Anneal and ligate Oligonucleotides. Assemble the annealing/ligation buffer: 1× T4 Ligation Buffer, 50 % PEG-8000, 0.1 % Tween-20, and add each oligonucleotide to a final concentration of 10 nM. Heat to 95 °C for 3 minutes and slowly cool to 25 °C at 2 °C per minute. Note that several spacer/split combinations can be mixed into the same reaction to assemble larger, diverse arrays. Add T4 DNA ligase (to 8 U/µL final concentration), and incubate at 25 °C for 2 hours. Heat inactivate at 65 °C for 10 minutes.
Select and amplify assembled sequences.
Assemble a PCR reaction to select and amplify correctly assembled sequences: 1× Phusion HF Buffer, 0.1 % Tween-20, 0.25 mM each dNTP, 3 % DMSO, 500 nM each forward and reverse primer, 0.05 U/µL Phusion Polymerase and ligation product at a final concentration of 1/100 ×. Cycle the reaction at 98 °C for 30s, then 25 cycles of 98 °C for 15s, 72 °C for 60 s, then hold at 72 °C for 5 minutes.

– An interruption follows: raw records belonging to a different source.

lemma chain_sum3_or_boolean_lattice:
  fixes c :: "nat set \<Rightarrow> bool"
  assumes "1 \<le> t" "t1 \<le> t" "t2 \<le> t" "t3 \<le> t"
  shows "copy_in (chain_sum3 t1 t2 t3) {A. A \<subseteq> {..<n + t + 2} \<and> c A} \<or>
         copy_in (boolean_lattice n) {A. A \<subseteq> {..<n + t + 2} \<and> \<not> c A}"
proof (rule disjCI)
  assume no_red: "\<not> copy_in (boolean_lattice n) {A. A \<subseteq> {..<n + t + 2} \<and> \<not> c A}"
  define m where "m = n + (t - 1)"
  have layer: "{m + i} \<union> {..<m} \<subseteq> {..<n + t + 2}" if "i < 3" for i
  proof -
    have "m + i < n + t + 2" using that assms(1) unfolding m_def by arith
    then show ?thesis by auto
  qed
  have m: "n + (t - 1) = m" "Suc (t - 1) = t" using assms(1) unfolding m_def by simp_all
  have "\<exists>h. colour_chain c {m + i} ({m + i} \<union> {..<m}) t h" if "i < 3" for i
  proof -
    have "\<not> copy_in (boolean_lattice n) {A. A \<subseteq> {m + i} \<union> {..<m} \<and> \<not> c A}"
    proof
      assume "copy_in (boolean_lattice n) {A. A \<subseteq> {m + i} \<union> {..<m} \<and> \<not> c A}"
      then have "copy_in (boolean_lattice n) {A. A \<subseteq> {..<n + t + 2} \<and> \<not> c A}"
        by (rule copy_in_mono) (use layer[OF that] in auto)
      with no_red show False by contradiction
    qed
    moreover have "{m + i} \<inter> {..<n + (t - 1)} = {}" unfolding m by simp
    ultimately show ?thesis using chain_or_red_cube[of "{m + i}" n "t - 1" c, unfolded m] by blast
  qed
  then obtain H where H: "\<And>i. i < 3 \<Longrightarrow> colour_chain c {m + i} ({m + i} \<union> {..<m}) t (H i)"
    by metis
  have chain: "c (H i j)" "m + i \<in> H i j" "H i j \<subseteq> {m + i} \<union> {..<m}" if "i < 3" "j < t" for i j
    using H[OF that(1)] that(2) unfolding colour_chain_def by auto
  show "copy_in (chain_sum3 t1 t2 t3) {A. A \<subseteq> {..<n + t + 2} \<and> c A}"
  proof (rule copy_chain_sum3I[OF assms(2-4)])
    show "H i j \<in> {A. A \<subseteq> {..<n + t + 2} \<and> c A}" if "i < 3" "j < t" for i j
      using chain[OF that] layer[OF that(1)] by auto
    show "H i j \<subset> H i j'" if "i < 3" "j < j'" "j' < t" for i j j'
      using H[OF that(1)] that(2,3) unfolding colour_chain_def by simp
    show "i = i'" if "i < 3" "i' < 3" "j < t" "j' < t" "H i j \<subseteq> H i' j'" for i i' j j'
      using chain(2)[OF that(1,3)] chain(3)[OF that(2,4)] that(5) unfolding m_def by auto
  qed
qed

Gel purify amplified sequences As it is possible to assemble several different sequences (one spacer, two spacers, etc.) it is necessary to gel purify species before cutting and transformation. Run samples on a mini 10 % TBE-PAGE gel at 100 V for 1.5 hours (until bromophenol blue runs off of the gel). Excise and purify the desired spacer-repeat lengths.